Joy had certainly considered taking it back and complaining. However, she decided to try it on first and was glad that she had, because in this instance, the designer was right. The golden heathery hue worked against her skin. White would have been too harsh, too unforgiving. She held the matching cuff up to the collar and decided that she liked it after all. It would have been a shame not to have worn this dress tonight, after all the money she had spent on it.

Tonight was the eighth anniversary of the night she and Frank had met. Joy never celebrated their wedding anniversary. It was New Year's Eve that meant everything to her, the night Joy hoped Frank would fall in love with her again.

She snapped the lid of her compact shut and checked the clock again: 6.15 p.m. It was a quarter into cocktail hour now. Joy wasn't finished getting ready and made a point of never drinking until after she was fully dressed. That was one of Joy's rules, along with no drink in the bedroom, no drink without mixers, no drink on a Wednesday (Thursday was drinks party day), no drink in front of Frank's business partners, and no drink at lunchtime, unless you had your own driver with you. Joy had so many rules, she reasoned, that it was a wonder she ever managed to have a drink at all. Anyway, it was now after six o'clock, which was the time when
all
civilized people had their first cocktail and those silly rules of hers were made to be broken. She walked barefoot out to the drawing room and over to the bar. The small Frigidaire was already stocked with ice and a large cocktail glass, which saved five minutes of messing about.

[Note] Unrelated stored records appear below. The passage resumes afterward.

(* Let $K,L$ be Henselian valued fields of characteristic zero such that $K$ is an $\mathcal{L}_{\mathrm{val}}$-substructure of $L$, i.e. $K$ is a subfield of $L$ and $\mathcal{O}_K=K\cap\mathcal{O}_L$. Then for every positive integer $N$ the inclusion $K\hookrightarrow L$ induces an injective map $\mathrm{RV}_{N,K}\hookrightarrow\mathrm{RV}_{N,L}$, and with these identifications $K$ (with its natural $\mathcal{L}_{\mathrm{RV}}$-structure) is an $\mathcal{L}_{\mathrm{RV}}$-substructure of $L$.
   Context: For a valued field $K$ with valuation ring $\mathcal{O}_K$, maximal ideal $\mathcal{M}_K$, valuation $\mathrm{ord}$, and $N\ge1$: $\mathrm{RV}_{N,K}=K^\times/(1+N\mathcal{M}_K)\cup\{0\}$, $\mathrm{rv}_N\colon K\to\mathrm{RV}_{N,K}$ the projection with $\mathrm{rv}_N(0)=0$, and $\mathrm{rv}_{N,M}\colon\mathrm{RV}_{M,K}\to\mathrm{RV}_{N,K}$ the induced maps for $N\mid M$. The language $\mathcal{L}_{\mathrm{val}}=\{0,1,+,-,\cdot,\mathcal{O}\}$ with $\mathcal{O}$ interpreted as $\mathcal{O}_K$. The multisorted language $\mathcal{L}_{\mathrm{RV}}$ (sorts $\mathrm{VF}$, $\mathrm{RV}_N$) consists of the ring language on $\mathrm{VF}$; on each $\mathrm{RV}_N$: constants $0$ and $1=\mathrm{rv}_N(1)$, multiplication (group multiplication of $K^\times/(1+N\mathcal{M}_K)$ extended by $0$), the binary relation $\mathrm{rv}_N(x)\mid\mathrm{rv}_N(y)\Leftrightarrow\mathrm{ord}\,x\le\mathrm{ord}\,y$, the ternary relation $\oplus(\xi_1,\xi_2,\xi_3)$ meaning there exist $x_i\in K$ with $\mathrm{rv}_N(x_i)=\xi_i$ and $x_1+x_2=x_3$; the maps $\mathrm{rv}_N$, $\mathrm{rv}_{N,M}$; and relations $P_{N,d}\subseteq\mathrm{RV}_N\times\mathrm{RV}_{N^2}^{d+1}$ where $P_{N,d}(\xi,\zeta_0,\dots,\zeta_d)$ holds iff $\xi\in\mathrm{RV}_N^\times$ and, for some (equivalently all) $a_i\in K$ with $\mathrm{rv}_{N^2}(a_i)=\zeta_i$: (i) every element of $\{\mathrm{rv}_N(\sum_{i=1}^d y_i)\mid y_i\in K,\ \mathrm{rv}_N(y_i)=\mathrm{rv}_N(ia_i)\xi^{i-1}\}$ has order $\le\min_{1\le i\le d}\mathrm{ord}(a_i\xi^{i-1})+\mathrm{ord}\,N$, and (ii) there is $\tilde\xi\in\mathrm{RV}_{N^2}$ with $\mathrm{rv}_N(\tilde\xi)=\xi$ and $\sum_{i=0}^d y_i=0$ for some $y_i\in K$ with $\mathrm{rv}_{N^2}(y_i)=\mathrm{rv}_{N^2}(a_i)\tilde\xi^i$. *)

theory Defs
  imports "HOL-Computational_Algebra.Polynomial"
begin

text \<open>A valued field is represented by a subfield F of an ambient field (type 'a)
  together with its valuation ring R (a subset of F).  The ambient field L itself is
  F = UNIV.\<close>

definition subfield :: "'a::field set \<Rightarrow> bool" where
  "subfield F \<longleftrightarrow> 0 \<in> F \<and> 1 \<in> F \<and>
     (\<forall>x\<in>F. \<forall>y\<in>F. x + y \<in> F \<and> x - y \<in> F \<and> x * y \<in> F) \<and>
     (\<forall>x\<in>F. inverse x \<in> F)"

definition valuation_ring :: "'a::field set \<Rightarrow> 'a set \<Rightarrow> bool" where
  "valuation_ring F R \<longleftrightarrow> R \<subseteq> F \<and> 0 \<in> R \<and> 1 \<in> R \<and>
     (\<forall>x\<in>R. \<forall>y\<in>R. x + y \<in> R \<and> x - y \<in> R \<and> x * y \<in> R) \<and>
     (\<forall>x\<in>F. x \<noteq> 0 \<longrightarrow> x \<in> R \<or> inverse x \<in> R)"

definition maxid :: "'a::field set \<Rightarrow> 'a set \<Rightarrow> 'a set" where
  "maxid F R = {x \<in> R. x = 0 \<or> inverse x \<notin> R}"

definition henselian :: "'a::field set \<Rightarrow> 'a set \<Rightarrow> bool" where
  "henselian F R \<longleftrightarrow>
     (\<forall>p::'a poly. (\<forall>i. coeff p i \<in> R) \<and> lead_coeff p = 1 \<longrightarrow>
        (\<forall>a\<in>R. poly p a \<in> maxid F R \<and> poly (pderiv p) a \<notin> maxid F R \<longrightarrow>
           (\<exists>b\<in>R. poly p b = 0 \<and> b - a \<in> maxid F R)))"

text \<open>ord x \<le> ord y (with ord 0 = \<infinity>).\<close>
definition val_le :: "'a::field set \<Rightarrow> 'a \<Rightarrow> 'a \<Rightarrow> bool" where
  "val_le R x y \<longleftrightarrow> (x = 0 \<longrightarrow> y = 0) \<and> (x \<noteq> 0 \<longrightarrow> y / x \<in> R)"

text \<open>rv_N(x): the class of x in F^\<times>/(1+N M_F), and {0} for x = 0.\<close>
definition rv :: "'a::field set \<Rightarrow> 'a set \<Rightarrow> nat \<Rightarrow> 'a \<Rightarrow> 'a set" where
  "rv F R N x = (if x = 0 then {0}
     else {y \<in> F. y / x \<in> (\<lambda>m. 1 + of_nat N * m) ` maxid F R})"
lemma strip_count_Suc: "strip_count m y (Suc n) = step_sum m (\<lambda>z. strip_count m z n) y"
proof -
  define W where "W z = {p. length p = n \<and> strip_walk m z p}" for z
  define U where "U = (if 2 * y + 2 < m then W (Suc y) else {})"
  define D where "D = (if 0 < y then W (y - 1) else {})"
  define H where "H = (if 2 * y + 1 < m then W y else {})"
  have fin: "finite U" "finite D" "finite H"
    by (simp_all add: U_def D_def H_def W_def finite_step_lists)
  have first_step: "{p. length p = Suc n \<and> strip_walk m y p} = (Cons Up ` U \<union> Cons Down ` D) \<union> Cons Hor ` H"
  proof (intro set_eqI iffI)
    fix p assume "p \<in> {p. length p = Suc n \<and> strip_walk m y p}"
    then obtain s q where "p = s # q" "length q = n" "strip_walk m y (s # q)"
      by (cases p) auto
    then show "p \<in> (Cons Up ` U \<union> Cons Down ` D) \<union> Cons Hor ` H"
      by (cases s) (auto simp: U_def D_def H_def W_def)
  qed (auto simp: U_def D_def H_def W_def split: if_splits)
  have "strip_count m y (Suc n) = card (Cons Up ` U \<union> Cons Down ` D) + card (Cons Hor ` H)"
    unfolding strip_count_def first_step using fin by (intro card_Un_disjoint) auto
  also have "card (Cons Up ` U \<union> Cons Down ` D) = card U + card D"
    using fin by (subst card_Un_disjoint) (auto simp: card_image)
  also have "card (Cons Hor ` H) = card H"
    by (simp add: card_image)
  finally show ?thesis
    by (simp add: step_sum_def U_def D_def H_def W_def strip_count_def)
qed

lemma step_sum_cong:
  assumes "2 * y < m" "\<And>z. 2 * z < m \<Longrightarrow> f z = g z"
  shows "step_sum m f y = step_sum m g y"
  using assms by (simp add: step_sum_def)

lemma step_sum_mult: "step_sum m (\<lambda>z. c * f z) y = (c :: 'a::semiring_0) * step_sum m f y"
  by (simp add: step_sum_def distrib_left)
(* Let $n\ge 1$ and let $0 \leq m \leq n-1$ be an integer. Then there exist a real normed space $X$ with $\dim X=n$ and a linear subspace $Y\subseteq X$ with $\dim Y=n-1$ such that $\dim \mathcal{P}_{\min}(X, Y)=m$. Moreover, if $0 \leq m \leq n-3$, then $X$ and $Y$ can be chosen so that in addition $\lambda(Y, X) > 1$.
   Context: A projection onto $Y$ is a linear $P:X\to Y$ with $P|_Y=\mathrm{id}_Y$; $\lambda(Y,X)$ is the infimum of the operator norms of such projections and $\mathcal{P}_{\min}(X,Y)$ is the set of projections of norm $\lambda(Y,X)$. $\dim \mathcal{P}_{\min}(X,Y)$ is the affine dimension of this convex subset of the space $\mathcal{L}(X,X)$ of linear operators on $X$ (the smallest dimension of an affine subspace containing it). *)

theory Defs
  imports "HOL-Analysis.Analysis"
begin

text \<open>A finite-dimensional real normed space of dimension n is modelled (up to
isometric isomorphism) as real^'n with CARD('n) = n equipped with an arbitrary norm N.
Linear operators on X are represented by their matrices (real^'n^'n, acting via *v),
so that the space L(X,X) is a Euclidean space and affine dimension is aff_dim.\<close>

definition is_norm :: "('a::real_vector \<Rightarrow> real) \<Rightarrow> bool" where
  "is_norm N \<longleftrightarrow>
     (\<forall>x. 0 \<le> N x) \<and> (\<forall>x. N x = 0 \<longleftrightarrow> x = 0) \<and>
     (\<forall>c x. N (c *\<^sub>R x) = \<bar>c\<bar> * N x) \<and> (\<forall>x y. N (x + y) \<le> N x + N y)"

definition op_norm :: "((real^'n) \<Rightarrow> real) \<Rightarrow> real^'n^'n \<Rightarrow> real" where
  "op_norm N A = Sup {N (A *v x) | x. N x \<le> 1}"

definition is_projection :: "(real^'n) set \<Rightarrow> real^'n^'n \<Rightarrow> bool" where
  "is_projection Y A \<longleftrightarrow> (\<forall>x. A *v x \<in> Y) \<and> (\<forall>y\<in>Y. A *v y = y)"

definition proj_const :: "((real^'n) \<Rightarrow> real) \<Rightarrow> (real^'n) set \<Rightarrow> real" where
  "proj_const N Y = Inf {op_norm N A | A. is_projection Y A}"

definition Pmin :: "((real^'n) \<Rightarrow> real) \<Rightarrow> (real^'n) set \<Rightarrow> (real^'n^'n) set" where
  "Pmin N Y = {A. is_projection Y A \<and> op_norm N A = proj_const N Y}"

end

theory Submission
  imports Defs
begin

It also prevented the glass from filling with melted ice and diluting the alcohol because, let's face it, Joy thought, there is nothing viler than a watery cocktail.

Joy scooped the ice into the tall mixing glass, measured out three jiggers of gin and two of dry vermouth, gave the mixture a brief stir, poured it to the rim of the frozen triangle and threw it back. Her head was barely upright as she poured the second one, paused briefly to draw breath and drank it back too. She could relax now. She carefully measured out two and a half measures of gin and one of vermouth back into the mixing glass on top of some ice. Then she took out some olives, sticks and peeled off a lemon rind, pushing it around the edge of a fresh glass and arranged all the accessories on a mirrored tray. She took a quick mouthful out of the mixing glass, just to taste, and spilled it down her chin but, as Joy reached for a napkin, she found there were none in the napkin tray.